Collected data
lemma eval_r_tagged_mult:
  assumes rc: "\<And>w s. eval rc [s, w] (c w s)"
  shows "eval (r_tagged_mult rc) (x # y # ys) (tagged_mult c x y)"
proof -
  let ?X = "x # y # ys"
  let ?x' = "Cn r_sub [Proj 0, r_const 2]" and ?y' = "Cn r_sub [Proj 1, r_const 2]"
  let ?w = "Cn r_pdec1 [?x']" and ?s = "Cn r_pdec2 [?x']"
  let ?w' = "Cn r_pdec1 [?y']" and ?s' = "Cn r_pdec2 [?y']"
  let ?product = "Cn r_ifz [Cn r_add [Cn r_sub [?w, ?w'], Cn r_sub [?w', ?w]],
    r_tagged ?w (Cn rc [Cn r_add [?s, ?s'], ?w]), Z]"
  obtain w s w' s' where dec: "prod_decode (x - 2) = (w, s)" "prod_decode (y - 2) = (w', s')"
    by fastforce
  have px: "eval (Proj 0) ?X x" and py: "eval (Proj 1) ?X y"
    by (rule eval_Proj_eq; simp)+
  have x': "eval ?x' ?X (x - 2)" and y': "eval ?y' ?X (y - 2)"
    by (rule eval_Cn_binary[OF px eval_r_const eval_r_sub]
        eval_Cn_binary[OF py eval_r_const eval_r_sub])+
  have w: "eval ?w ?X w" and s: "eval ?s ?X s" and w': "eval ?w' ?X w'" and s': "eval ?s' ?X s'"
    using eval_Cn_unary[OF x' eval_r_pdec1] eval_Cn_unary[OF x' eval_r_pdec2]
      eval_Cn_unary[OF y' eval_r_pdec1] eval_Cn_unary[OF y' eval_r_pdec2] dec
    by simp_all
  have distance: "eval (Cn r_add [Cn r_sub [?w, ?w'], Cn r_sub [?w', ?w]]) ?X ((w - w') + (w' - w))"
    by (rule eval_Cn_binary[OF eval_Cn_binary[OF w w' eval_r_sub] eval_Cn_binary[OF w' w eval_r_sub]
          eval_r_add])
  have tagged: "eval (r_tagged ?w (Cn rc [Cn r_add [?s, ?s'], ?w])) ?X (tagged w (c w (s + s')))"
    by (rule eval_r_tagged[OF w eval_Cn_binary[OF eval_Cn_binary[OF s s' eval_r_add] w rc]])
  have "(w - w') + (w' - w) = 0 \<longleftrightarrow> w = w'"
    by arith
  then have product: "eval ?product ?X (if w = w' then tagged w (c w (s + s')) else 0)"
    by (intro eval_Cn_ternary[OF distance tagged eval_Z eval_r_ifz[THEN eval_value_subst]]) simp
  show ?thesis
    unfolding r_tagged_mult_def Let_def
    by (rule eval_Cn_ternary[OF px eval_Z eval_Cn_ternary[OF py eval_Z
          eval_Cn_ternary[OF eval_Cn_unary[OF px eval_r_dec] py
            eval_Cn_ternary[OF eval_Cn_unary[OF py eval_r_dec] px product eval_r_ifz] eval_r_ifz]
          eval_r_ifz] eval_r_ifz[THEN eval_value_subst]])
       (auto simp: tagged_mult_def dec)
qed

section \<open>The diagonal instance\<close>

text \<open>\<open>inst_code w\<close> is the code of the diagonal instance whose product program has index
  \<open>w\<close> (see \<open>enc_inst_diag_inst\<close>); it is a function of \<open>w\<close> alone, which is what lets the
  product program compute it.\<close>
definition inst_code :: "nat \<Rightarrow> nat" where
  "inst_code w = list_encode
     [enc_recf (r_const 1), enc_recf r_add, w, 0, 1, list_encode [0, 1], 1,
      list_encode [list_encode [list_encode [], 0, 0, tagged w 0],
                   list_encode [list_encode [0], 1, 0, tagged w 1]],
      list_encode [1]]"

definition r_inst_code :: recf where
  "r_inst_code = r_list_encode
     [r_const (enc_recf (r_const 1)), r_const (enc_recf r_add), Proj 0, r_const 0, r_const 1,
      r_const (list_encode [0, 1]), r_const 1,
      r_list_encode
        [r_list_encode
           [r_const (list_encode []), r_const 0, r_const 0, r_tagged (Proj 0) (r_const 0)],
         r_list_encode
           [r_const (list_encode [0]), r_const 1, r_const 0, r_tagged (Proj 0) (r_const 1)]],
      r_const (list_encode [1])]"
==
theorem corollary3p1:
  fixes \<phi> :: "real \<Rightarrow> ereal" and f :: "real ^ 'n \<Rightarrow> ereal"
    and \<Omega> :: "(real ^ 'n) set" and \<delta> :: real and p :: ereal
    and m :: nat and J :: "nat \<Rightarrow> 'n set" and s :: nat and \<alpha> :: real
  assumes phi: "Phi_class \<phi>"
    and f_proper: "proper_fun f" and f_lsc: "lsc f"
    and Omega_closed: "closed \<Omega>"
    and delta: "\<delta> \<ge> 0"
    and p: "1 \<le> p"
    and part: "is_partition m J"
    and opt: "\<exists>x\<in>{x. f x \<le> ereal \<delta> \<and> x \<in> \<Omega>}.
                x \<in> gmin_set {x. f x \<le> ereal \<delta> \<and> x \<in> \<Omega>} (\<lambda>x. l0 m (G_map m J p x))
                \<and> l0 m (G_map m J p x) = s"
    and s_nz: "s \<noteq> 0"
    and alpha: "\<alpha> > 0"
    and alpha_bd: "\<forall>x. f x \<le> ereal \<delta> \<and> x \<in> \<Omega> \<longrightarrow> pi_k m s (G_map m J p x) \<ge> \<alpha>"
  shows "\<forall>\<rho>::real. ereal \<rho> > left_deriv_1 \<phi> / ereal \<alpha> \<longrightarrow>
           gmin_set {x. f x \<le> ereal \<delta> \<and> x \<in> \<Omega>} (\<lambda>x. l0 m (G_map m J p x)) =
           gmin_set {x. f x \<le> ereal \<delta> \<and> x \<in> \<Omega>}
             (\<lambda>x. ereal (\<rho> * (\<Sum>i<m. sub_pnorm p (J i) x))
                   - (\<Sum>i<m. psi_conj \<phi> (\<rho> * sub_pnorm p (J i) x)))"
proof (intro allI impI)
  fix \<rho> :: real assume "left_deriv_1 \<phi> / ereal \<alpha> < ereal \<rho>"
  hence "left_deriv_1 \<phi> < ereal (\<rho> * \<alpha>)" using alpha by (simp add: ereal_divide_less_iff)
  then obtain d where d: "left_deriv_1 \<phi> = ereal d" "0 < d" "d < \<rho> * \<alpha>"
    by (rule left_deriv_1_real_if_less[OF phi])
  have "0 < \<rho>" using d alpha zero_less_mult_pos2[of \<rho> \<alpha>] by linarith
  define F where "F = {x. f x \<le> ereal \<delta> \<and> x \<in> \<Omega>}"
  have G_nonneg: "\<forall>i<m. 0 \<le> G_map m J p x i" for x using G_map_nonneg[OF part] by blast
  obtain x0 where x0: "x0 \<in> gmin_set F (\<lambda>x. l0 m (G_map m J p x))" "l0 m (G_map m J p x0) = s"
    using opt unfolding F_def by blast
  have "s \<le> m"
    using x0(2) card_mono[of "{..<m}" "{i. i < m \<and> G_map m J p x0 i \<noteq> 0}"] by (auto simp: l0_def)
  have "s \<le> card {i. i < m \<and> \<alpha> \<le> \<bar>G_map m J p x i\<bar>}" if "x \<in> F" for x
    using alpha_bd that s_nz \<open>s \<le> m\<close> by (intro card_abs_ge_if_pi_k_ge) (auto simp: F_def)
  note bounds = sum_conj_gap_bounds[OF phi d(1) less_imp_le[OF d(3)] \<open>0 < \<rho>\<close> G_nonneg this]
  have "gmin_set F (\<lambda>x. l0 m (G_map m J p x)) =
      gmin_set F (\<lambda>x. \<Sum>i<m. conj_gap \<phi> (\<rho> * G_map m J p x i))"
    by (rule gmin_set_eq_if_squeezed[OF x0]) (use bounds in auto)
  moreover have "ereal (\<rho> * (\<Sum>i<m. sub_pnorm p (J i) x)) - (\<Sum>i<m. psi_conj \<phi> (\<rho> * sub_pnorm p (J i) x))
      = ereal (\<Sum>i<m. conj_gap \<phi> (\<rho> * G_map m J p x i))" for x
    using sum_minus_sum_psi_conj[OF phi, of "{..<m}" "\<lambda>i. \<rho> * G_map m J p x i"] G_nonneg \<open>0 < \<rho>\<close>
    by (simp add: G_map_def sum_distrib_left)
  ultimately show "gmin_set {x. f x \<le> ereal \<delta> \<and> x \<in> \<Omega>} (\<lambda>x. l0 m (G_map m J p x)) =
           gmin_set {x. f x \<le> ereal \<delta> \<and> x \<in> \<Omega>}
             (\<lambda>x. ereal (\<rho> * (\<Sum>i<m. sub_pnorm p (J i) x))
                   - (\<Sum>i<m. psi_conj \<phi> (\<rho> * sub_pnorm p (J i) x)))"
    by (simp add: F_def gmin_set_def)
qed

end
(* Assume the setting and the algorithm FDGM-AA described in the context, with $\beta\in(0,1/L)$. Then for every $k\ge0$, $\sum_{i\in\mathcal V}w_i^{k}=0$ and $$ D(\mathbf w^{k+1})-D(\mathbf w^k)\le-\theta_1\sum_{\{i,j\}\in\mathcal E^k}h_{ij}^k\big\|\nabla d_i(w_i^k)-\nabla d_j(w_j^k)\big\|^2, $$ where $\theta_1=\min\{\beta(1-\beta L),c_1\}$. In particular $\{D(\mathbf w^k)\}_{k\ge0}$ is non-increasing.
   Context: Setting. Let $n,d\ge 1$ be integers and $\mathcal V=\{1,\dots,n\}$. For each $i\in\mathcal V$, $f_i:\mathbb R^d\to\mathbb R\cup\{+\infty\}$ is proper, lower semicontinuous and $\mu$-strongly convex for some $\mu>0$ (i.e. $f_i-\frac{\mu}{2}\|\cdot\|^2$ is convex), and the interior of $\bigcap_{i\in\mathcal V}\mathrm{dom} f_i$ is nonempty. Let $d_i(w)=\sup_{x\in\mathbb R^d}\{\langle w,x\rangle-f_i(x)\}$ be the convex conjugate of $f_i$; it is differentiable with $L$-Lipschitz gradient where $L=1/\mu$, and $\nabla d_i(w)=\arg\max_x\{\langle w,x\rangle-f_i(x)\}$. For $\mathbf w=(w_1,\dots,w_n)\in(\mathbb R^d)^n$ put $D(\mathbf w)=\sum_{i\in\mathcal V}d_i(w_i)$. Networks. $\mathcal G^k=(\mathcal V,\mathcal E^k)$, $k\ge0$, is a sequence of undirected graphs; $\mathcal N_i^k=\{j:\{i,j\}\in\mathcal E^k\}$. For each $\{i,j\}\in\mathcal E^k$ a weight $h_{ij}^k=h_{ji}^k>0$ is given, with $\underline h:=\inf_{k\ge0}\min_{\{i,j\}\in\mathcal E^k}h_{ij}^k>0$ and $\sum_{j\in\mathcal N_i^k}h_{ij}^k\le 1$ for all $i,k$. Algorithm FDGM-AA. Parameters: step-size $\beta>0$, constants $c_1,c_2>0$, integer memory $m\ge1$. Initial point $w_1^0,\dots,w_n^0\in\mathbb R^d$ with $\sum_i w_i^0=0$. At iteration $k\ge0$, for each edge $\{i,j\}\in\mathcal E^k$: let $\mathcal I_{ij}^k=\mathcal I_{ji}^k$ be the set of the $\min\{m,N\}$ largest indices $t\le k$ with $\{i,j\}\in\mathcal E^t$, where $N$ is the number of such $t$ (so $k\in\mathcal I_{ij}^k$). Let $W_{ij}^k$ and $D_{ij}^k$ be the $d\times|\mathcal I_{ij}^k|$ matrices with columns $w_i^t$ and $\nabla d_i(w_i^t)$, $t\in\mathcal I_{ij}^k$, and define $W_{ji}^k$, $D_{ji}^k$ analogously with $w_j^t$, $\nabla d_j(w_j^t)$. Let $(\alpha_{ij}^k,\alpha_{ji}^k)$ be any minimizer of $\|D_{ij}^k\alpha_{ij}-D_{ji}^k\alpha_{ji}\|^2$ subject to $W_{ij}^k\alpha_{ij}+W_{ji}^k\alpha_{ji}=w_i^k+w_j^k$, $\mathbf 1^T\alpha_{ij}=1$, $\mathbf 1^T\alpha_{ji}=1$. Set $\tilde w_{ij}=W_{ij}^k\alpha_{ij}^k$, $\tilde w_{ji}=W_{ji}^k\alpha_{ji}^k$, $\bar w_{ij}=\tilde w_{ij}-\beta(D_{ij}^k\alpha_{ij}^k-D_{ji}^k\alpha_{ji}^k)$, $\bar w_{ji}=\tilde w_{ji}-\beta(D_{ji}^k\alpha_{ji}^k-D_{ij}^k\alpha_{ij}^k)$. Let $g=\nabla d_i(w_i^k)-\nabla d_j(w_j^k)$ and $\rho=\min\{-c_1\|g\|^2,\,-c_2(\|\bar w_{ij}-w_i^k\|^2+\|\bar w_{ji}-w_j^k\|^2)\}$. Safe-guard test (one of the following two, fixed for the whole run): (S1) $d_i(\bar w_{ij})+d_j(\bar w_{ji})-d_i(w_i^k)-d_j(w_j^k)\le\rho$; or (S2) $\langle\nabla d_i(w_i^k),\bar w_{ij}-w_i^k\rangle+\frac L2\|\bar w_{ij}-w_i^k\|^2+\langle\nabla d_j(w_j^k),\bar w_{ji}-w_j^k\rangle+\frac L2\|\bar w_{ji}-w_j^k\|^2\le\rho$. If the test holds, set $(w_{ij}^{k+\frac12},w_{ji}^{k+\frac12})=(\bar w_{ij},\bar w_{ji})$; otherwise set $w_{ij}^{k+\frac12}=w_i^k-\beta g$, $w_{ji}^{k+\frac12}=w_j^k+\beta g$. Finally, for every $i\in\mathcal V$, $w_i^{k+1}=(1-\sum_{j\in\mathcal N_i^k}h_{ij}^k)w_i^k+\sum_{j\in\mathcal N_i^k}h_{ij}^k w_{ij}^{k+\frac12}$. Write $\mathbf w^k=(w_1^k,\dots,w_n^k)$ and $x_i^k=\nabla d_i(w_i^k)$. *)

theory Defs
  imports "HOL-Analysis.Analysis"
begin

What to do: Only the lines above from the line containing "by (rule eval_r_tagged[OF" through the line containing "eval_Cn_ternary[OF eval_Cn_unary[OF py" should be retyped, exactly and with both ends included.

Task answer:
    by (rule eval_r_tagged[OF w eval_Cn_binary[OF eval_Cn_binary[OF s s' eval_r_add] w rc]])
  have "(w - w') + (w' - w) = 0 \<longleftrightarrow> w = w'"
    by arith
  then have product: "eval ?product ?X (if w = w' then tagged w (c w (s + s')) else 0)"
    by (intro eval_Cn_ternary[OF distance tagged eval_Z eval_r_ifz[THEN eval_value_subst]]) simp
  show ?thesis
    unfolding r_tagged_mult_def Let_def
    by (rule eval_Cn_ternary[OF px eval_Z eval_Cn_ternary[OF py eval_Z
          eval_Cn_ternary[OF eval_Cn_unary[OF px eval_r_dec] py
            eval_Cn_ternary[OF eval_Cn_unary[OF py eval_r_dec] px product eval_r_ifz] eval_r_ifz]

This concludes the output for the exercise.